The number of lines in the entries below holding the word "lemma" is all that is needed here.

BEGIN EXERCISE DATA

lemma two_sided_bound_of_cases:
  fixes c c' U X m :: real
  assumes c: "0 < c" "0 < c'" and X: "0 \<le> X" and upper: "m \<le> U * X"
    and lower: "c * X \<le> m \<or> c' * X \<le> m"
  shows "1 / max U (max (1 / c) (1 / c')) * X \<le> m \<and> m \<le> max U (max (1 / c) (1 / c')) * X"
proof
  show "1 / max U (max (1 / c) (1 / c')) * X \<le> m"
    using lower
  proof
    assume "c * X \<le> m"
    then show ?thesis by (rule scaled_lower_bound[OF c(1) _ X, rotated]) simp
  next
    assume "c' * X \<le> m"
    then show ?thesis by (rule scaled_lower_bound[OF c(2) _ X, rotated]) simp
  qed
  have "U * X \<le> max U (max (1 / c) (1 / c')) * X" using X by (intro mult_right_mono) auto
  with upper show "m \<le> max U (max (1 / c) (1 / c')) * X" by linarith
qed

lemma two_sided_bound_mono:
  fixes C C' X m :: real
  assumes C: "0 < C" "C \<le> C'" and m: "0 \<le> m" and bound: "1 / C * X \<le> m \<and> m \<le> C * X"
  shows "1 / C' * X \<le> m \<and> m \<le> C' * X"
proof -
  have X: "0 \<le> X" using bound m C(1) by (smt (verit) mult_pos_neg)
  have "1 / C' * X \<le> 1 / C * X" using C X by (intro mult_right_mono divide_left_mono) auto
  moreover have "C * X \<le> C' * X" using C X by (intro mult_right_mono) auto
  ultimately show ?thesis using bound by linarith
qed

END EXERCISE DATA

## RESPONSE TO THE TASK
2